Influencers and the law
The ASA and CMA recently collaborated to launch new guidance on compliance in September 2018, which broadly applies to social media influencers who have received payment for promoting, advertising or displaying products or services. It should also be understood that brands are accountable for the influencers’ content and must ensure that their influencers comply with the law and the guidelines.
The CMA also produced its own, separate guidance in January 2019, explaining that influencers should clearly state when they have been paid, be clear about their relationship with the brand to avoid giving the impression that they are “just a consumer”, and explain how they received the product or services.
The key for brands to remember is that paid-for influencer posts and messaging (particularly on social media) need to be appropriately labelled. These transparency requirements have not been universally well-received by brands who claim that they ‘water down’ their advertising messages, nor influencers, some of whom see the disclosure requirements as denigrating their image.
Despite the push from regulators to publish guidance for influencers and advertisers, both groups maintain that the guidance is not sufficiently clear. Additionally, the social media platforms themselves have started to take their own steps to tackle this problem (such as Instagram’s ‘paid partnership’ feature), which has led to increasing confusion for influencers in understanding their obligations.
More regulation is needed
The CMA currently has an open investigation into social media endorsements and, in January 2019, reported that 16 influencers provided undertakings to improve their disclosures when being paid to promote a product. To ensure consistency across platforms, we may see further regulation from the CMA and ASA in the future, as well as more extensive obligations on advertisers to inform their influencers what their responsibilities are.

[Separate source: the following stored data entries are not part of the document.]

definition instr_moment :: "nat \<Rightarrow> nat \<Rightarrow> (nat \<Rightarrow> real) \<Rightarrow> (nat \<Rightarrow> nat \<Rightarrow> real)
    \<Rightarrow> (nat \<Rightarrow> nat \<Rightarrow> real) \<Rightarrow> (nat \<Rightarrow> real) \<Rightarrow> nat \<Rightarrow> real" where
  "instr_moment n K Y X Z \<beta> l = (1 / real n) * inverse (zstar n Z l) *
     (\<Sum>i<n. Z i l * (Y i - (\<Sum>k<K. X i k * \<beta> k)))"

lemma stiv_feasible_iff:
  "stiv_feasible n K L r Y X Z \<beta> \<sigma> \<longleftrightarrow>
     0 < \<sigma> \<and> sup_norm L (instr_moment n K Y X Z \<beta>) \<le> \<sigma> * r \<and> Qhat n K Y X \<beta> \<le> \<sigma>\<^sup>2"
  unfolding stiv_feasible_def instr_moment_def ..

text \<open>A sample is \<^emph>\<open>good\<close> at level \<open>t\<close> when every
  instrument score \<open>\<Sum>\<^sub>i z\<^sub>l\<^sub>i u\<^sub>i\<close> is at most \<open>t\<close> times its self-normaliser; on such samples the
  true parameter is STIV-feasible with \<open>\<sigma>\<close> equal to the oracle noise level \<open>\<sigma>\<^sub>0\<close>, and
  every STIV solution obeys the oracle inequality.\<close>
locale stiv_good_sample =
  fixes n K L kend :: nat and Y u :: "nat \<Rightarrow> real" and X Z :: "nat \<Rightarrow> nat \<Rightarrow> real"
    and \<beta>s :: "nat \<Rightarrow> real" and t r :: real
  assumes n_pos: "1 \<le> n" and K_le_L: "K \<le> L"
    and t_pos: "0 < t" and r_def: "r = t / sqrt (real n)"
    and model: "\<forall>i<n. Y i = (\<Sum>k<K. X i k * \<beta>s k) + u i"
    and exo: "\<forall>i<n. \<forall>l<K - kend. Z i l = X i (kend + l)"
    and good: "\<forall>l<L. \<bar>\<Sum>i<n. Z i l * u i\<bar> \<le> t * sqrt (\<Sum>i<n. (Z i l * u i)\<^sup>2)"
begin

definition sigma0 :: real where "sigma0 = sqrt ((1 / real n) * (\<Sum>i<n. (u i)\<^sup>2))"
definition err :: "(nat \<Rightarrow> real) \<Rightarrow> nat \<Rightarrow> real" where "err \<beta> k = xstar n X k * (\<beta> k - \<beta>s k)"
definition fit_gap :: "(nat \<Rightarrow> real) \<Rightarrow> nat \<Rightarrow> real" where
  "fit_gap \<beta> i = (\<Sum>k<K. X i k * (\<beta> k - \<beta>s k))"
definition cross :: "(nat \<Rightarrow> real) \<Rightarrow> real" where
  "cross \<beta> = (1 / real n) * (\<Sum>i<n. u i * fit_gap \<beta> i)"

lemma n_real_pos: "0 < real n"
  using n_pos by simp

lemma r_pos: "0 < r"
  using t_pos n_real_pos by (simp add: r_def)

lemma sigma0_nonneg: "0 \<le> sigma0"
  by (simp add: sigma0_def sum_nonneg)

lemma sigma0_sq: "sigma0\<^sup>2 = (1 / real n) * (\<Sum>i<n. (u i)\<^sup>2)"
  by (simp add: sigma0_def sum_nonneg)

lemma sqrt_sum_u_sq: "sqrt (\<Sum>i<n. (u i)\<^sup>2) = sqrt (real n) * sigma0"
  using n_real_pos by (simp add: sigma0_def real_sqrt_mult[symmetric])

lemma resid_true: "i < n \<Longrightarrow> Y i - (\<Sum>k<K. X i k * \<beta>s k) = u i"
  using model by simp

lemma resid: "i < n \<Longrightarrow> Y i - (\<Sum>k<K. X i k * \<beta> k) = u i - fit_gap \<beta> i"
  using model by (simp add: fit_gap_def sum_subtractf right_diff_distrib)

lemma Qhat_true: "Qhat n K Y X \<beta>s = sigma0\<^sup>2"
  unfolding Qhat_def sigma0_sq using resid_true by simp

lemma sqrt_n_mult_self: "sqrt (real n) * (sqrt (real n) * a) = real n * a"
  by (simp add: mult.assoc[symmetric])

lemma t_eq: "t = r * sqrt (real n)"
  using n_real_pos by (simp add: r_def)

lemma Qhat_expansion:
  "Qhat n K Y X \<beta> = sigma0\<^sup>2 - 2 * cross \<beta> + (sqrt ((1 / real n) * (\<Sum>i<n. (fit_gap \<beta> i)\<^sup>2)))\<^sup>2"
proof -
  have "(\<Sum>i<n. (Y i - (\<Sum>k<K. X i k * \<beta> k))\<^sup>2) = (\<Sum>i<n. (u i - fit_gap \<beta> i)\<^sup>2)"
    using resid by simp
  also have "\<dots> = (\<Sum>i<n. (u i)\<^sup>2) - 2 * (\<Sum>i<n. u i * fit_gap \<beta> i) + (\<Sum>i<n. (fit_gap \<beta> i)\<^sup>2)"
    by (simp add: power2_diff sum.distrib sum_subtractf sum_distrib_left mult.assoc)
  finally have eq: "(\<Sum>i<n. (Y i - (\<Sum>k<K. X i k * \<beta> k))\<^sup>2)
      = (\<Sum>i<n. (u i)\<^sup>2) - 2 * (\<Sum>i<n. u i * fit_gap \<beta> i) + (\<Sum>i<n. (fit_gap \<beta> i)\<^sup>2)" .
  show ?thesis
    unfolding Qhat_def eq sigma0_sq cross_def by (simp add: sum_nonneg algebra_simps)
qed

lemma cross_Cauchy_Schwarz: "cross \<beta> \<le> sigma0 * sqrt ((1 / real n) * (\<Sum>i<n. (fit_gap \<beta> i)\<^sup>2))"
proof -
  have "\<bar>\<Sum>i<n. u i * fit_gap \<beta> i\<bar> \<le> sqrt (\<Sum>i<n. (u i)\<^sup>2) * sqrt (\<Sum>i<n. (fit_gap \<beta> i)\<^sup>2)"
    by (rule abs_sum_Cauchy_Schwarz)
  moreover have "sigma0 * sqrt ((1 / real n) * (\<Sum>i<n. (fit_gap \<beta> i)\<^sup>2))
      = sqrt (\<Sum>i<n. (u i)\<^sup>2) * sqrt (\<Sum>i<n. (fit_gap \<beta> i)\<^sup>2) / real n"
    by (simp add: sigma0_def real_sqrt_divide)
  ultimately show ?thesis
    using n_real_pos unfolding cross_def by (simp add: divide_right_mono)
qed

lemma sigma0_le:
  assumes feasible: "stiv_feasible n K L r Y X Z \<beta> \<sigma>" and "0 \<le> m" "cross \<beta> \<le> sigma0 * m"
  shows "sigma0 \<le> \<sigma> + m"
proof (rule quadratic_root_bound)
  show "sigma0\<^sup>2 - 2 * cross \<beta> + (sqrt ((1 / real n) * (\<Sum>i<n. (fit_gap \<beta> i)\<^sup>2)))\<^sup>2 \<le> \<sigma>\<^sup>2"
    using feasible unfolding stiv_feasible_iff Qhat_expansion by simp
qed (use assms cross_Cauchy_Schwarz sigma0_nonneg in \<open>auto simp: stiv_feasible_iff sum_nonneg\<close>)

text \<open>Noise scores of the regressors: by Cauchy--Schwarz always \<open>\<le> \<sigma>\<^sub>0 x\<^sub>k\<^sub>*\<close>; on the good
  event the instrument scores, and hence those of the exogenous regressors, are \<open>\<le> r \<sigma>\<^sub>0\<close>
  times the scale.\<close>
lemma design_score: "\<bar>(1 / real n) * (\<Sum>i<n. u i * X i k)\<bar> \<le> sigma0 * xstar n X k"
proof -
  have "(\<Sum>i<n. (X i k)\<^sup>2) \<le> (\<Sum>i<n. (xstar n X k)\<^sup>2)"
    by (intro sum_mono square_le_of_abs_le xstar_ge) simp
  then have "sqrt (\<Sum>i<n. (X i k)\<^sup>2) \<le> sqrt (real n * (xstar n X k)\<^sup>2)"
    by (intro real_sqrt_le_mono) simp
  then have "sqrt (\<Sum>i<n. (X i k)\<^sup>2) \<le> sqrt (real n) * xstar n X k"
    using xstar_nonneg[OF n_pos] by (simp add: real_sqrt_mult)
  then have "\<bar>\<Sum>i<n. u i * X i k\<bar> \<le> sqrt (real n) * sigma0 * (sqrt (real n) * xstar n X k)"
    using abs_sum_Cauchy_Schwarz[of u "\<lambda>i. X i k" "{..<n}"] sigma0_nonneg
    unfolding sqrt_sum_u_sq by (simp add: mult_left_mono order_trans)
  then have "\<bar>\<Sum>i<n. u i * X i k\<bar> \<le> sigma0 * xstar n X k * real n"
    by (simp add: sqrt_n_mult_self ac_simps)
  then show ?thesis using n_real_pos by (simp add: abs_mult pos_divide_le_eq)
qed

As the primary party responsible for ensuring compliance with the disclosure requirements, there is increased pressure on advertisers to educate the influencers they work with of their disclosure responsibilities and it is recommended that the specific disclosure requirements be expressly set out in the advertiser’s contract with the influencer. Indeed, this increased pressure on disclosure is not just coming from the regulators, but also the public. High-profile misleading influencer advertising behaviour (such as that revealed in the recent Fyre Festival documentary) have challenged the public’s trust in influencers, and in order to rebuild this trust, appropriate disclosure will be demanded.
The good news
Whilst the regulations and obligations on advertisers may seem like a burden, it can foster a stronger relationship between a brand, its influencers and the public. The hope is that regulation will provide clarity and consistency for brands, ultimately allowing them to identify who are reliable ambassadors for their products and services.
In any case, with influencer marketing being a hot topic for the regulators, platforms and the public, we can expect to see a lot more attention in this space.